[Dataset entries]
##############################

(* Let $X$ and $Y$ be quasi-isometric semimetric spaces. If $X$ is quasi-metric, then $Y$ is quasi-metric.
   Context: A semimetric space is a set $X$ with $d:X\times X\to\mathbb{R}^{\ge0}\cup\{\infty\}$ such that $d(x,y)=0$ iff $x=y$ and $d(x,z)\le d(x,y)+d(y,z)$ (no symmetry; $\infty$ absorbs addition and multiplication by positive reals). It is strongly connected if $d(x,y)<\infty$ for all $x,y$, and quasi-metric if it is strongly connected and there exist $1\le\lambda<\infty$, $0\le\epsilon<\infty$ with $d(y,x)\le\lambda d(x,y)+\epsilon$ for all $x,y$. A map $f:X\to X'$ is a quasi-isometry if there are $1\le\lambda<\infty$, $0<\epsilon<\infty$, $0\le\mu<\infty$ with $\frac1\lambda d(x,y)-\epsilon\le d'(f(x),f(y))\le\lambda d(x,y)+\epsilon$ for all $x,y$, and for every $x'\in X'$ some $x\in X$ with $\max(d'(x',f(x)),d'(f(x),x'))\le\mu$; $X$ and $X'$ are quasi-isometric if such a map exists. *)

theory Defs
  imports Main "HOL-Library.Extended_Real"
begin

text \<open>Distances take values in [0, \<infinity>], modelled as extended reals (ereal);
  in ereal, \<infinity> absorbs addition with nonnegative values and multiplication by positive reals.
  A space is a carrier set X together with a distance function d (only its values on X matter).\<close>

definition semimetric :: "'a set \<Rightarrow> ('a \<Rightarrow> 'a \<Rightarrow> ereal) \<Rightarrow> bool" where
  "semimetric X d \<longleftrightarrow>
     (\<forall>x\<in>X. \<forall>y\<in>X. d x y \<ge> 0 \<and> d x y \<noteq> -\<infinity>) \<and>
     (\<forall>x\<in>X. \<forall>y\<in>X. d x y = 0 \<longleftrightarrow> x = y) \<and>
     (\<forall>x\<in>X. \<forall>y\<in>X. \<forall>z\<in>X. d x z \<le> d x y + d y z)"

definition strongly_connected :: "'a set \<Rightarrow> ('a \<Rightarrow> 'a \<Rightarrow> ereal) \<Rightarrow> bool" where
  "strongly_connected X d \<longleftrightarrow> (\<forall>x\<in>X. \<forall>y\<in>X. d x y < \<infinity>)"

definition quasi_metric :: "'a set \<Rightarrow> ('a \<Rightarrow> 'a \<Rightarrow> ereal) \<Rightarrow> bool" where
  "quasi_metric X d \<longleftrightarrow> strongly_connected X d \<and>
     (\<exists>lam::real. \<exists>eps::real. 1 \<le> lam \<and> 0 \<le> eps \<and>
        (\<forall>x\<in>X. \<forall>y\<in>X. d y x \<le> ereal lam * d x y + ereal eps))"

definition quasi_isometry ::
  "'a set \<Rightarrow> ('a \<Rightarrow> 'a \<Rightarrow> ereal) \<Rightarrow> 'b set \<Rightarrow> ('b \<Rightarrow> 'b \<Rightarrow> ereal) \<Rightarrow> ('a \<Rightarrow> 'b) \<Rightarrow> bool" where
  "quasi_isometry X d X' d' f \<longleftrightarrow> f ` X \<subseteq> X' \<and>
     (\<exists>lam::real. \<exists>eps::real. \<exists>mu::real. 1 \<le> lam \<and> 0 < eps \<and> 0 \<le> mu \<and>
        (\<forall>x\<in>X. \<forall>y\<in>X.
            ereal (1 / lam) * d x y - ereal eps \<le> d' (f x) (f y) \<and>
            d' (f x) (f y) \<le> ereal lam * d x y + ereal eps) \<and>
        (\<forall>x'\<in>X'. \<exists>x\<in>X. max (d' x' (f x)) (d' (f x) x') \<le> ereal mu))"

definition quasi_isometric ::
  "'a set \<Rightarrow> ('a \<Rightarrow> 'a \<Rightarrow> ereal) \<Rightarrow> 'b set \<Rightarrow> ('b \<Rightarrow> 'b \<Rightarrow> ereal) \<Rightarrow> bool" where
  "quasi_isometric X d X' d' \<longleftrightarrow> (\<exists>f. quasi_isometry X d X' d' f)"

end

theory Submission
  imports Defs
begin

text \<open>Every point of Y lies within distance \<mu> (in both directions) of some image point f x.
  Going from y2 back to y1 through such nearby points f x2, f x1 costs the backward distance
  between x2 and x1, which the quasi-metric inequality in X bounds by the forward distance,
  and that in turn by the forward distance from y1 to y2 up to the quasi-isometry constants.
  The same detour through X shows that all distances in Y are finite.\<close>

lemma semimetric_nonneg: "semimetric X d \<Longrightarrow> x \<in> X \<Longrightarrow> y \<in> X \<Longrightarrow> 0 \<le> d x y"
  unfolding semimetric_def by blast

lemma semimetric_triangle:
  "semimetric X d \<Longrightarrow> x \<in> X \<Longrightarrow> y \<in> X \<Longrightarrow> z \<in> X \<Longrightarrow> d x z \<le> d x y + d y z"
  unfolding semimetric_def by blast

lemma quasi_isometryE:
  assumes "quasi_isometry X d Y e f"
  obtains lam eps mu :: real where "f ` X \<subseteq> Y" "1 \<le> lam" "0 < eps" "0 \<le> mu"
    and "\<And>x y. x \<in> X \<Longrightarrow> y \<in> X \<Longrightarrow> ereal (1 / lam) * d x y - ereal eps \<le> e (f x) (f y)"
    and "\<And>x y. x \<in> X \<Longrightarrow> y \<in> X \<Longrightarrow> e (f x) (f y) \<le> ereal lam * d x y + ereal eps"
    and "\<And>y. y \<in> Y \<Longrightarrow> \<exists>x\<in>X. e y (f x) \<le> ereal mu \<and> e (f x) y \<le> ereal mu"
  using assms unfolding quasi_isometry_def by (metis max.bounded_iff)

lemma quasi_isometry_strongly_connected:
  assumes "semimetric Y e" "quasi_isometry X d Y e f" "strongly_connected X d"
  shows "strongly_connected Y e"
  unfolding strongly_connected_def
proof (intro ballI)
  obtain lam eps mu where fY: "f ` X \<subseteq> Y" and lam: "1 \<le> lam"
    and upper: "\<And>x y. x \<in> X \<Longrightarrow> y \<in> X \<Longrightarrow> e (f x) (f y) \<le> ereal lam * d x y + ereal eps"
    and net: "\<And>y. y \<in> Y \<Longrightarrow> \<exists>x\<in>X. e y (f x) \<le> ereal mu \<and> e (f x) y \<le> ereal mu"
    using quasi_isometryE[OF assms(2)] by metis
  fix y1 y2 assume y: "y1 \<in> Y" "y2 \<in> Y"
  obtain x1 x2 where x: "x1 \<in> X" "x2 \<in> X"
    and near: "e y1 (f x1) \<le> ereal mu" "e (f x2) y2 \<le> ereal mu"
    using net y by blast
  have fx: "f x1 \<in> Y" "f x2 \<in> Y" using fY x by auto
  have "d x1 x2 < \<infinity>" using assms(3) x unfolding strongly_connected_def by blast
  then have "ereal lam * d x1 x2 + ereal eps < \<infinity>"
    using lam by (cases "d x1 x2") auto
  have "e y1 y2 \<le> e y1 (f x1) + (e (f x1) (f x2) + e (f x2) y2)"
    using semimetric_triangle[OF assms(1)] fx y by (metis add_left_mono order_trans)
  also have "\<dots> \<le> ereal mu + ((ereal lam * d x1 x2 + ereal eps) + ereal mu)"
    using near upper[OF x] by (intro add_mono) auto
  also have "\<dots> < \<infinity>"
    using \<open>ereal lam * d x1 x2 + ereal eps < \<infinity>\<close> by simp
  finally show "e y1 y2 < \<infinity>" .
qed

lemma strongly_connected_semimetric_real:
  assumes "semimetric X d" "strongly_connected X d" "x \<in> X" "y \<in> X"
  shows "d x y = ereal (real_of_ereal (d x y))"
  using semimetric_nonneg[OF assms(1,3,4)] assms(2-4)
  unfolding strongly_connected_def by (cases "d x y") auto

lemma quasi_isometry_real_bounds:
  assumes "quasi_isometry X d Y e f"
    and dX: "\<And>x y. x \<in> X \<Longrightarrow> y \<in> X \<Longrightarrow> d x y = ereal (dX x y)"
    and dY: "\<And>x y. x \<in> Y \<Longrightarrow> y \<in> Y \<Longrightarrow> e x y = ereal (dY x y)"
  obtains lam eps mu :: real where "f ` X \<subseteq> Y" "1 \<le> lam" "0 \<le> eps" "0 \<le> mu"
    and "\<And>x y. x \<in> X \<Longrightarrow> y \<in> X \<Longrightarrow> dX x y \<le> lam * (dY (f x) (f y) + eps)"
    and "\<And>x y. x \<in> X \<Longrightarrow> y \<in> X \<Longrightarrow> dY (f x) (f y) \<le> lam * dX x y + eps"
    and "\<And>y. y \<in> Y \<Longrightarrow> \<exists>x\<in>X. dY y (f x) \<le> mu \<and> dY (f x) y \<le> mu"
proof -
  obtain lam eps mu where fY: "f ` X \<subseteq> Y" and lam: "1 \<le> lam" and eps: "0 < eps" and mu: "0 \<le> mu"
    and lower: "\<And>x y. x \<in> X \<Longrightarrow> y \<in> X \<Longrightarrow> ereal (1 / lam) * d x y - ereal eps \<le> e (f x) (f y)"
    and upper: "\<And>x y. x \<in> X \<Longrightarrow> y \<in> X \<Longrightarrow> e (f x) (f y) \<le> ereal lam * d x y + ereal eps"
    and net: "\<And>y. y \<in> Y \<Longrightarrow> \<exists>x\<in>X. e y (f x) \<le> ereal mu \<and> e (f x) y \<le> ereal mu"
    using quasi_isometryE[OF assms(1)] by metis
  have fx: "f x \<in> Y" if "x \<in> X" for x using fY that by auto
  show thesis
  proof (rule that[OF fY lam _ mu])
    show "0 \<le> eps" using eps by simp
    show "dX x y \<le> lam * (dY (f x) (f y) + eps)" if "x \<in> X" "y \<in> X" for x y
    proof -
      have "dX x y / lam \<le> dY (f x) (f y) + eps"
        using lower[OF that] dX[OF that] dY[OF fx fx] that by simp
      then show ?thesis using lam by (simp add: divide_le_eq mult.commute)
    qed
    show "dY (f x) (f y) \<le> lam * dX x y + eps" if "x \<in> X" "y \<in> X" for x y
      using upper[OF that] dX[OF that] dY[OF fx fx] that by simp
    show "\<exists>x\<in>X. dY y (f x) \<le> mu \<and> dY (f x) y \<le> mu" if "y \<in> Y" for y
      using net[OF that] dY fx that by fastforce
  qed
qed

lemma quasi_metric_realE:
  assumes "quasi_metric X d"
    and dX: "\<And>x y. x \<in> X \<Longrightarrow> y \<in> X \<Longrightarrow> d x y = ereal (dX x y)"
  obtains L E :: real where "1 \<le> L" "0 \<le> E"
    "\<And>x y. x \<in> X \<Longrightarrow> y \<in> X \<Longrightarrow> dX y x \<le> L * dX x y + E"
proof -
  obtain L E where "1 \<le> L" "0 \<le> E"
    and rev: "\<And>x y. x \<in> X \<Longrightarrow> y \<in> X \<Longrightarrow> d y x \<le> ereal L * d x y + ereal E"
    using assms(1) unfolding quasi_metric_def by metis
  moreover have "dX y x \<le> L * dX x y + E" if "x \<in> X" "y \<in> X" for x y
    using rev[OF that] dX that by simp
  ultimately show thesis using that by blast
qed

lemma quasi_metric_realI:
  assumes dX: "\<And>x y. x \<in> X \<Longrightarrow> y \<in> X \<Longrightarrow> d x y = ereal (dX x y)"
    and "1 \<le> L" "0 \<le> E" "\<And>x y. x \<in> X \<Longrightarrow> y \<in> X \<Longrightarrow> dX y x \<le> L * dX x y + E"
  shows "quasi_metric X d"
  unfolding quasi_metric_def strongly_connected_def
  using assms by (intro conjI exI ballI) auto

lemma semimetric_real_triangle:
  assumes "semimetric X d" "\<And>x y. x \<in> X \<Longrightarrow> y \<in> X \<Longrightarrow> d x y = ereal (dX x y)"
    and "x \<in> X" "y \<in> X" "z \<in> X"
  shows "dX x z \<le> dX x y + dX y z"
  using semimetric_triangle[OF assms(1,3-5)] assms(2-5) by (metis ereal_less_eq(3) plus_ereal.simps(1))

lemma reverse_distance_bound_transfer:
  fixes dX :: "'a \<Rightarrow> 'a \<Rightarrow> real" and dY :: "'b \<Rightarrow> 'b \<Rightarrow> real"
  assumes triangle: "\<And>x y z. x \<in> Y \<Longrightarrow> y \<in> Y \<Longrightarrow> z \<in> Y \<Longrightarrow> dY x z \<le> dY x y + dY y z"
    and fY: "f ` X \<subseteq> Y" and lam: "0 \<le> lam" and L: "0 \<le> L"
    and lower: "\<And>x y. x \<in> X \<Longrightarrow> y \<in> X \<Longrightarrow> dX x y \<le> lam * (dY (f x) (f y) + eps)"
    and upper: "\<And>x y. x \<in> X \<Longrightarrow> y \<in> X \<Longrightarrow> dY (f x) (f y) \<le> lam * dX x y + eps"
    and net: "\<And>y. y \<in> Y \<Longrightarrow> \<exists>x\<in>X. dY y (f x) \<le> mu \<and> dY (f x) y \<le> mu"
    and rev: "\<And>x y. x \<in> X \<Longrightarrow> y \<in> X \<Longrightarrow> dX y x \<le> L * dX x y + E"
    and y: "y1 \<in> Y" "y2 \<in> Y"
  shows "dY y2 y1 \<le> (lam * L * lam) * dY y1 y2
           + (2 * mu + eps + lam * E + lam * L * lam * (2 * mu + eps))"
proof -
  obtain x1 x2 where x: "x1 \<in> X" "x2 \<in> X"
    and near1: "dY y1 (f x1) \<le> mu" "dY (f x1) y1 \<le> mu"
    and near2: "dY y2 (f x2) \<le> mu" "dY (f x2) y2 \<le> mu"
    using net y by blast
  have fx: "f x1 \<in> Y" "f x2 \<in> Y" using fY x by auto
  have detour_back: "dY y2 y1 \<le> 2 * mu + dY (f x2) (f x1)"
    using triangle[OF y(2) fx(2) y(1)] triangle[OF fx(2) fx(1) y(1)] near1 near2 by linarith
  have detour_forth: "dY (f x1) (f x2) \<le> 2 * mu + dY y1 y2"
    using triangle[OF fx(1) y(1) fx(2)] triangle[OF y fx(2)] near1 near2 by linarith
  have "dX x1 x2 \<le> lam * (2 * mu + dY y1 y2 + eps)"
    using lower[OF x] detour_forth lam by (smt (verit) mult_left_mono)
  then have "dX x2 x1 \<le> L * (lam * (2 * mu + dY y1 y2 + eps)) + E"
    using rev[OF x] L by (smt (verit) mult_left_mono)
  then have "lam * dX x2 x1 \<le> lam * (L * (lam * (2 * mu + dY y1 y2 + eps)) + E)"
    using lam by (rule mult_left_mono)
  then show ?thesis
    using detour_back upper[OF x(2,1)] by (simp add: algebra_simps)
qed

theorem corollary2p11:
  fixes X :: "'a set" and d :: "'a \<Rightarrow> 'a \<Rightarrow> ereal"
    and Y :: "'b set" and e :: "'b \<Rightarrow> 'b \<Rightarrow> ereal"
  assumes "semimetric X d" and "semimetric Y e"
    and "quasi_isometric X d Y e"
    and "quasi_metric X d"
  shows "quasi_metric Y e"
proof -
  obtain f where f: "quasi_isometry X d Y e f"
    using assms(3) unfolding quasi_isometric_def by blast
  have X_sc: "strongly_connected X d" using assms(4) unfolding quasi_metric_def by blast
  have Y_sc: "strongly_connected Y e" by (rule quasi_isometry_strongly_connected[OF assms(2) f X_sc])
  define dX where "dX x y = real_of_ereal (d x y)" for x y
  define dY where "dY x y = real_of_ereal (e x y)" for x y
  have d_real: "\<And>x y. x \<in> X \<Longrightarrow> y \<in> X \<Longrightarrow> d x y = ereal (dX x y)"
    unfolding dX_def by (rule strongly_connected_semimetric_real[OF assms(1) X_sc])
  have e_real: "\<And>x y. x \<in> Y \<Longrightarrow> y \<in> Y \<Longrightarrow> e x y = ereal (dY x y)"
    unfolding dY_def by (rule strongly_connected_semimetric_real[OF assms(2) Y_sc])
  obtain lam eps mu where fY: "f ` X \<subseteq> Y" and lam: "1 \<le> lam" "0 \<le> eps" "0 \<le> mu"
    and f_bounds: "\<And>x y. x \<in> X \<Longrightarrow> y \<in> X \<Longrightarrow> dX x y \<le> lam * (dY (f x) (f y) + eps)"
      "\<And>x y. x \<in> X \<Longrightarrow> y \<in> X \<Longrightarrow> dY (f x) (f y) \<le> lam * dX x y + eps"
      "\<And>y. y \<in> Y \<Longrightarrow> \<exists>x\<in>X. dY y (f x) \<le> mu \<and> dY (f x) y \<le> mu"
    using quasi_isometry_real_bounds[OF f d_real e_real] by blast
  obtain L E where L: "1 \<le> L" "0 \<le> E"
    and rev: "\<And>x y. x \<in> X \<Longrightarrow> y \<in> X \<Longrightarrow> dX y x \<le> L * dX x y + E"
    using quasi_metric_realE[OF assms(4) d_real] by blast
  have triangle: "\<And>x y z. x \<in> Y \<Longrightarrow> y \<in> Y \<Longrightarrow> z \<in> Y \<Longrightarrow> dY x z \<le> dY x y + dY y z"
    using assms(2) e_real by (rule semimetric_real_triangle)
  have nonneg: "0 \<le> lam" "0 \<le> L" using lam L by simp_all
  show ?thesis
    using e_real
  proof (rule quasi_metric_realI)
    show "1 \<le> lam * L * lam" using lam L by (simp add: mult_ge1_I)
    show "0 \<le> 2 * mu + eps + lam * E + lam * L * lam * (2 * mu + eps)" using lam L by simp
    show "dY y x \<le> (lam * L * lam) * dY x y
            + (2 * mu + eps + lam * E + lam * L * lam * (2 * mu + eps))" if "x \<in> Y" "y \<in> Y" for x y
      using triangle fY nonneg f_bounds rev that by (rule reverse_distance_bound_transfer)
  qed
qed

end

##############################

__Assigned task__.
Every line that holds the string "intro" must be copied from the records above.

__Answer to this problem__.
proof (intro ballI)
    using near upper[OF x] by (intro add_mono) auto
  using assms by (intro conjI exI ballI) auto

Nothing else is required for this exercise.